EXERCISE DIRECTIONS. Repeat verbatim every line of the material, beginning at the line that holds "assms(3) by blast" and ending at its last line.

MATERIAL FOR THIS EXERCISE.
lemma Ncov_le_if_refines:
  assumes "finite C" "\<Union>C = X" "\<And>W. W \<in> D \<Longrightarrow> W \<subseteq> X"
    and refines: "\<And>V. V \<in> C \<Longrightarrow> V \<noteq> {} \<Longrightarrow> \<exists>W\<in>D. V \<subseteq> W"
  shows "Ncov X D \<le> Ncov X C"
proof -
  obtain S where S: "S \<subseteq> C" "finite S" "\<Union>S = X" "card S = Ncov X C"
    using Ncov_attained[OF order_refl assms(1,2)] by blast
  have "\<forall>V\<in>S - {{}}. \<exists>W. W \<in> D \<and> V \<subseteq> W" using refines S(1) by auto
  then obtain W where W: "\<forall>V\<in>S - {{}}. W V \<in> D \<and> V \<subseteq> W V" by (rule bchoice[THEN exE])
  have "W ` (S - {{}}) \<subseteq> D" using W by blast
  moreover have "\<Union>(W ` (S - {{}})) = X"
  proof
    show "\<Union>(W ` (S - {{}})) \<subseteq> X" using W assms(3) by blast
    show "X \<subseteq> \<Union>(W ` (S - {{}}))"
    proof
      fix x assume "x \<in> X"
      then obtain V where "V \<in> S" "x \<in> V" using S(3) by blast
      then show "x \<in> \<Union>(W ` (S - {{}}))" using W by blast
    qed
  qed
  ultimately have "Ncov X D \<le> card (W ` (S - {{}}))" using Ncov_le S(2) by blast
  also have "\<dots> \<le> card S" using S(2) by (meson card_image_le card_mono Diff_subset finite_Diff order_trans)
  finally show ?thesis using S(4) by simp
qed

lemma join_pre_finite:
  assumes "finite B"
  shows "finite (join_pre X f a B n)"
proof -
  have sub: "join_pre X f a B n \<subseteq> (\<lambda>U. X \<inter> (\<Inter>i<n. nacomp f (a i) -` U i)) ` (PiE {..<n} (\<lambda>_. B))"
  proof
    fix V assume "V \<in> join_pre X f a B n"
    then obtain U where U: "\<forall>i<n. U i \<in> B" "V = X \<inter> (\<Inter>i<n. nacomp f (a i) -` U i)"
      unfolding join_pre_def by blast
    then have "restrict U {..<n} \<in> PiE {..<n} (\<lambda>_. B)"
      "V = X \<inter> (\<Inter>i<n. nacomp f (a i) -` restrict U {..<n} i)" by auto
    then show "V \<in> (\<lambda>U. X \<inter> (\<Inter>i<n. nacomp f (a i) -` U i)) ` (PiE {..<n} (\<lambda>_. B))"
      by blast
  qed
  have "finite (PiE {..<n} (\<lambda>_. B))" using assms by (simp add: finite_PiE)
  then show ?thesis by (rule finite_subset[OF sub finite_imageI])
qed

lemma join_pre_subset: "W \<in> join_pre X f a B n \<Longrightarrow> W \<subseteq> X"
  unfolding join_pre_def by blast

SOLUTION FOR THIS EXERCISE.
    show "\<Union>(W ` (S - {{}})) \<subseteq> X" using W assms(3) by blast
    show "X \<subseteq> \<Union>(W ` (S - {{}}))"
    proof
      fix x assume "x \<in> X"
      then obtain V where "V \<in> S" "x \<in> V" using S(3) by blast
      then show "x \<in> \<Union>(W ` (S - {{}}))" using W by blast
    qed
  qed
  ultimately have "Ncov X D \<le> card (W ` (S - {{}}))" using Ncov_le S(2) by blast
  also have "\<dots> \<le> card S" using S(2) by (meson card_image_le card_mono Diff_subset finite_Diff order_trans)
  finally show ?thesis using S(4) by simp
qed

lemma join_pre_finite:
  assumes "finite B"
  shows "finite (join_pre X f a B n)"
proof -
  have sub: "join_pre X f a B n \<subseteq> (\<lambda>U. X \<inter> (\<Inter>i<n. nacomp f (a i) -` U i)) ` (PiE {..<n} (\<lambda>_. B))"
  proof
    fix V assume "V \<in> join_pre X f a B n"
    then obtain U where U: "\<forall>i<n. U i \<in> B" "V = X \<inter> (\<Inter>i<n. nacomp f (a i) -` U i)"
      unfolding join_pre_def by blast
    then have "restrict U {..<n} \<in> PiE {..<n} (\<lambda>_. B)"
      "V = X \<inter> (\<Inter>i<n. nacomp f (a i) -` restrict U {..<n} i)" by auto
    then show "V \<in> (\<lambda>U. X \<inter> (\<Inter>i<n. nacomp f (a i) -` U i)) ` (PiE {..<n} (\<lambda>_. B))"
      by blast
  qed
  have "finite (PiE {..<n} (\<lambda>_. B))" using assms by (simp add: finite_PiE)
  then show ?thesis by (rule finite_subset[OF sub finite_imageI])
qed

lemma join_pre_subset: "W \<in> join_pre X f a B n \<Longrightarrow> W \<subseteq> X"
  unfolding join_pre_def by blast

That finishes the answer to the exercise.